Record excerpts:
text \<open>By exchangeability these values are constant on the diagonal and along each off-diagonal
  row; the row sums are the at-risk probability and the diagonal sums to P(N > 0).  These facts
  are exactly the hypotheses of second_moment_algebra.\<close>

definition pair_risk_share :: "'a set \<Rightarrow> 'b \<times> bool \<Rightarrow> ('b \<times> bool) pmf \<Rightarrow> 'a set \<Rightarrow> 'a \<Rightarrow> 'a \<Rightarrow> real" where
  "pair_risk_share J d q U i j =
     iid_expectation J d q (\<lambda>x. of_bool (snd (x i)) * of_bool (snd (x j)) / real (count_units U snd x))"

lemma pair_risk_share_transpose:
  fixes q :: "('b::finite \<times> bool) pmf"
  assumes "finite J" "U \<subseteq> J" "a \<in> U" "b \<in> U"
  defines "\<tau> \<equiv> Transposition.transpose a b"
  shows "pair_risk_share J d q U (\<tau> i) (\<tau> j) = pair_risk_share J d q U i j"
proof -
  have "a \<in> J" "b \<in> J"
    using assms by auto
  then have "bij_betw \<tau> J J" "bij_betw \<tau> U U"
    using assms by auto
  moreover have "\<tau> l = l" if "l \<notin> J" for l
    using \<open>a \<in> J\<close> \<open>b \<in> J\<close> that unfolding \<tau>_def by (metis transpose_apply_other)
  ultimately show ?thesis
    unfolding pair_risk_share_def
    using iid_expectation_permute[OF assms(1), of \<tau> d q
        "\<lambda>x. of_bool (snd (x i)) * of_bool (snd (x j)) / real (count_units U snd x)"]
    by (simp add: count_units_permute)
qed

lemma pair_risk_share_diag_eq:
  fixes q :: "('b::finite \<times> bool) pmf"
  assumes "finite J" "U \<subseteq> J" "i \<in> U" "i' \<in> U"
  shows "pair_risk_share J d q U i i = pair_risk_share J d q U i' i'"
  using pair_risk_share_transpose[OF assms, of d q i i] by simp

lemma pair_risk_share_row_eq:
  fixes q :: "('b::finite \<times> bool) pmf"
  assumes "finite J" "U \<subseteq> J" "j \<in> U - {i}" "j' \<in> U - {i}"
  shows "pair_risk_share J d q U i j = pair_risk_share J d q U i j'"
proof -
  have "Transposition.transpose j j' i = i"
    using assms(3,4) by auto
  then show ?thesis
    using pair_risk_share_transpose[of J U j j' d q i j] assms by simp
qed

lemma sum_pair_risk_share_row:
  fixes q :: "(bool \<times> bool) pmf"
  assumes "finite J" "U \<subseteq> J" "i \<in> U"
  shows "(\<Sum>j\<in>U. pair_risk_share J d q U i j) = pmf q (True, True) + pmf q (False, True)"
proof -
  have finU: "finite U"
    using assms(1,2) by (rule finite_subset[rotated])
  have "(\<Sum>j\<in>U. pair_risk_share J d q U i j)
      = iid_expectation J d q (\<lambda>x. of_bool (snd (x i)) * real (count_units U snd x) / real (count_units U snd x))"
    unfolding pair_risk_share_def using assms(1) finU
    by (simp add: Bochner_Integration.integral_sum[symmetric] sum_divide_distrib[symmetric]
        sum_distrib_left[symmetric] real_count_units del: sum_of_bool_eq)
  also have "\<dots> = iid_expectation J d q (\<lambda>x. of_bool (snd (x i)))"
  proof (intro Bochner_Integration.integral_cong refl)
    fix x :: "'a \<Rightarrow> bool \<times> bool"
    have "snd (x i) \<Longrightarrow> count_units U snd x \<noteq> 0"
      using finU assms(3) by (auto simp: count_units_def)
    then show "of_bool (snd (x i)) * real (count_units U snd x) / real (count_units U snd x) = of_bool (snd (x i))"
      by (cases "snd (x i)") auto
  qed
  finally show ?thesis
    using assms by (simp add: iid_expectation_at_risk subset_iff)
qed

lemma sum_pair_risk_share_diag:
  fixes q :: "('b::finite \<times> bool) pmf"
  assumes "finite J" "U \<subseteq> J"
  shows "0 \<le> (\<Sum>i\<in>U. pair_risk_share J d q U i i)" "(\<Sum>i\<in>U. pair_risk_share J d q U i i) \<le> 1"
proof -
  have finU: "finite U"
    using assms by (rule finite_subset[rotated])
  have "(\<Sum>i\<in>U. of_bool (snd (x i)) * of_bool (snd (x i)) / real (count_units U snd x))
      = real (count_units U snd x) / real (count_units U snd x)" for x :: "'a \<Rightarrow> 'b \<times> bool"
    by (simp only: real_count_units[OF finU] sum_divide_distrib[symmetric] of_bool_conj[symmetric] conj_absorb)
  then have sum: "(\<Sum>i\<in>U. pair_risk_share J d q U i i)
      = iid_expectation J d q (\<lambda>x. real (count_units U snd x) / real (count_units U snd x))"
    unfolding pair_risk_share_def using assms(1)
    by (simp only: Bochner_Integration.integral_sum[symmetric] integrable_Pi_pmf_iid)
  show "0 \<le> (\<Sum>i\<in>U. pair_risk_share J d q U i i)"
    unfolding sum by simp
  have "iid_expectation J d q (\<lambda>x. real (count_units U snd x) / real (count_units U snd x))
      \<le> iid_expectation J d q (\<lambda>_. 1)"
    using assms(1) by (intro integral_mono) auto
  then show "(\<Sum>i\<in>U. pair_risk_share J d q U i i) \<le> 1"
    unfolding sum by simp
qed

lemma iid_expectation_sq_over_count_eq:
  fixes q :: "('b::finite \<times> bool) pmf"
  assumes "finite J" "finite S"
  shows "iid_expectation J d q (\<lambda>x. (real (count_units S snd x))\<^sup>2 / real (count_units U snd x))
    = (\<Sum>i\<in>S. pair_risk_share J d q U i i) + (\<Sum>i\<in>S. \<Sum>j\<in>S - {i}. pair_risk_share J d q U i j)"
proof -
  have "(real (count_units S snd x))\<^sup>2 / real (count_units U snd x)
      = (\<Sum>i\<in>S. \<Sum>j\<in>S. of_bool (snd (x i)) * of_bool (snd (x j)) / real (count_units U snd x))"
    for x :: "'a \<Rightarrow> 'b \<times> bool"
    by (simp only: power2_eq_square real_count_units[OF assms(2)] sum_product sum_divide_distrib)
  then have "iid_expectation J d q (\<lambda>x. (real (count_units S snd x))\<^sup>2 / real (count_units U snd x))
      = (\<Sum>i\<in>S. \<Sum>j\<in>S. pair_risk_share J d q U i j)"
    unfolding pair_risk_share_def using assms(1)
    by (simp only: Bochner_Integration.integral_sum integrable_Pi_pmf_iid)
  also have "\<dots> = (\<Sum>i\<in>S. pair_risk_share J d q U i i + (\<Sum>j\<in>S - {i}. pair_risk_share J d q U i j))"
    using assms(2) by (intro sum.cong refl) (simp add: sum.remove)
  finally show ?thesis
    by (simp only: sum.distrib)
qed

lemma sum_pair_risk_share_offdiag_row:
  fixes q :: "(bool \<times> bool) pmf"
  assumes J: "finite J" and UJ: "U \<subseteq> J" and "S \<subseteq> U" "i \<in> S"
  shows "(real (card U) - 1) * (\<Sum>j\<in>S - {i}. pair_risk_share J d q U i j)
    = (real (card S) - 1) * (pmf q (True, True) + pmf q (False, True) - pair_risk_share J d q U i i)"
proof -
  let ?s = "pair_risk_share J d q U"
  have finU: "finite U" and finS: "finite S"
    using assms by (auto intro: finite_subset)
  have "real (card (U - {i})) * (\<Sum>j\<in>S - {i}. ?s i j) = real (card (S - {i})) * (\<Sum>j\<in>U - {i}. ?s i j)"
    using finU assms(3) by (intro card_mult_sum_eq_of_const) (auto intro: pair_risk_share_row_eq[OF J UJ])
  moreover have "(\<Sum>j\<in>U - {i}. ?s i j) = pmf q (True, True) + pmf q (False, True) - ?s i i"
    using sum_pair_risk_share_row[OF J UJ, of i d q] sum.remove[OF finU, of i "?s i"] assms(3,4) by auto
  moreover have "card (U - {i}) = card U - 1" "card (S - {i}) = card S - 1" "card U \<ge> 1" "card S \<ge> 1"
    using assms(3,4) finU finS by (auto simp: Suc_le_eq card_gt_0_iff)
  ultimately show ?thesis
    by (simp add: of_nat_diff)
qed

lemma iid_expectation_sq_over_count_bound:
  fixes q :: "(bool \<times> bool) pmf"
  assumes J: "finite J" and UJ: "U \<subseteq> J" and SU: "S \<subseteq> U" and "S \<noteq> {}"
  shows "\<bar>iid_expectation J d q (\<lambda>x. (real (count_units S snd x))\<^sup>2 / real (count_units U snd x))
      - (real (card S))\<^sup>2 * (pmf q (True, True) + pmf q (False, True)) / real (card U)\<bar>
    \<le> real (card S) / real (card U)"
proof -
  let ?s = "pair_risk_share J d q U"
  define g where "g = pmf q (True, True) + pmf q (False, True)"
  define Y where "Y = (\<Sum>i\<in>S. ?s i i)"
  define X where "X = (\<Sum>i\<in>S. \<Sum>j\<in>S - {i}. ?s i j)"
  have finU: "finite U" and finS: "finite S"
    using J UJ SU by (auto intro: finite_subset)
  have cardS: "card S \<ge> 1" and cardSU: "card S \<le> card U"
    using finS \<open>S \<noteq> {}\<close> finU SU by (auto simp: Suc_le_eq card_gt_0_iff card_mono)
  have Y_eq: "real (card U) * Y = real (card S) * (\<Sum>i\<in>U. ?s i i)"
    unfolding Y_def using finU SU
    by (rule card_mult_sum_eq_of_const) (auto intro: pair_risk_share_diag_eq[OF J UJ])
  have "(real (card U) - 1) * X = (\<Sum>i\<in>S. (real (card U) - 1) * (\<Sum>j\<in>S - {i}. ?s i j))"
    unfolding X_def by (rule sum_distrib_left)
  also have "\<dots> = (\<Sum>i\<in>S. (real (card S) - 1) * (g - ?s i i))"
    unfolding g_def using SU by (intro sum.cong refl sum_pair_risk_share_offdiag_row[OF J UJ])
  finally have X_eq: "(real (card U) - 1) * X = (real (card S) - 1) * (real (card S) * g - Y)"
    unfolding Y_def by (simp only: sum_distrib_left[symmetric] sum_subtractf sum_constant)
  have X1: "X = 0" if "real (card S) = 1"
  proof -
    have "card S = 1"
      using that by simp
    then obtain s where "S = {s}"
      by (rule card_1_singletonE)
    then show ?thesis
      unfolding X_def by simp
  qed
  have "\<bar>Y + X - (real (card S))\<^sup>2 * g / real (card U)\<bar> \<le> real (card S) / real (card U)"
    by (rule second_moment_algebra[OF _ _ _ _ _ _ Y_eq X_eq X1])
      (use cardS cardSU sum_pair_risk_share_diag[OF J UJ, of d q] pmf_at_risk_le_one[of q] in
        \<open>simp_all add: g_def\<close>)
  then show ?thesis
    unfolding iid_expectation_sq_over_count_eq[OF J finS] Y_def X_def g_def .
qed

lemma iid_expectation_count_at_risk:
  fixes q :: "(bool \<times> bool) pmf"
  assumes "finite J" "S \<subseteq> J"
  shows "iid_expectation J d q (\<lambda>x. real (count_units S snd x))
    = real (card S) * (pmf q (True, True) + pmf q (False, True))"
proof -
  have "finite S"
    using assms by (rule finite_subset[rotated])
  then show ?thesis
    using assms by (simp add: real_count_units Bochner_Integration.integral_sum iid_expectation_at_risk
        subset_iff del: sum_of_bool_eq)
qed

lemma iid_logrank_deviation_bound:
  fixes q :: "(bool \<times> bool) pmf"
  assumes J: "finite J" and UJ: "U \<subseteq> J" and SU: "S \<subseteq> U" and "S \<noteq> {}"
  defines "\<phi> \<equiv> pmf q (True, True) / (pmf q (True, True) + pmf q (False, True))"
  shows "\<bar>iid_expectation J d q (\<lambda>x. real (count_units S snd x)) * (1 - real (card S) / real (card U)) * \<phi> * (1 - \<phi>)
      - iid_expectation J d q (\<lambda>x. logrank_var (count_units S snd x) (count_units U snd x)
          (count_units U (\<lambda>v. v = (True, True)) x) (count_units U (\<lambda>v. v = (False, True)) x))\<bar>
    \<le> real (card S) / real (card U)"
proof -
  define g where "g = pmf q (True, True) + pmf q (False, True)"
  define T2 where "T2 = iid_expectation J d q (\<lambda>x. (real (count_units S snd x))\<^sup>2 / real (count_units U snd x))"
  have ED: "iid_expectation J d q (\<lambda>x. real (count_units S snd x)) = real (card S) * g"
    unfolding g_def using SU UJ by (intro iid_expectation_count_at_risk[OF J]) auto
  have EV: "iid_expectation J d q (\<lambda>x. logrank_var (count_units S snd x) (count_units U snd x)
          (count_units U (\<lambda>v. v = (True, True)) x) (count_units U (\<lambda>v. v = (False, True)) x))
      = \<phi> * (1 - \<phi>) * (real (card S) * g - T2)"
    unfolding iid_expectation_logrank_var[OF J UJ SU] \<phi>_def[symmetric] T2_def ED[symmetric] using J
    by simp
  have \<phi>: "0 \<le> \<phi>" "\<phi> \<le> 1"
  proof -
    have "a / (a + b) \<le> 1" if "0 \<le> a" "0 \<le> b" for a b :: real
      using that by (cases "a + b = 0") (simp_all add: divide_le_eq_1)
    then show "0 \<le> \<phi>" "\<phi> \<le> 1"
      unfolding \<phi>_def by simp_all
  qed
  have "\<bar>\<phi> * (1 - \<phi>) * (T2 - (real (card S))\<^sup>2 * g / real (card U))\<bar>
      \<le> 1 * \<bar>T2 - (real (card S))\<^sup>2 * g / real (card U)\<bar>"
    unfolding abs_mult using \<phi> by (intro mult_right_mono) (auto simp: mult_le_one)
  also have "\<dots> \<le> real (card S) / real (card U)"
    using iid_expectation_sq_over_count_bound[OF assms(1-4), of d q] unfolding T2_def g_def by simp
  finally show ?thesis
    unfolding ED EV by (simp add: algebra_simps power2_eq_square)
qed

Exercise description:
Only a number is needed here: how many lines of the data include the word "cardSU"?

Solution to this exercise:
2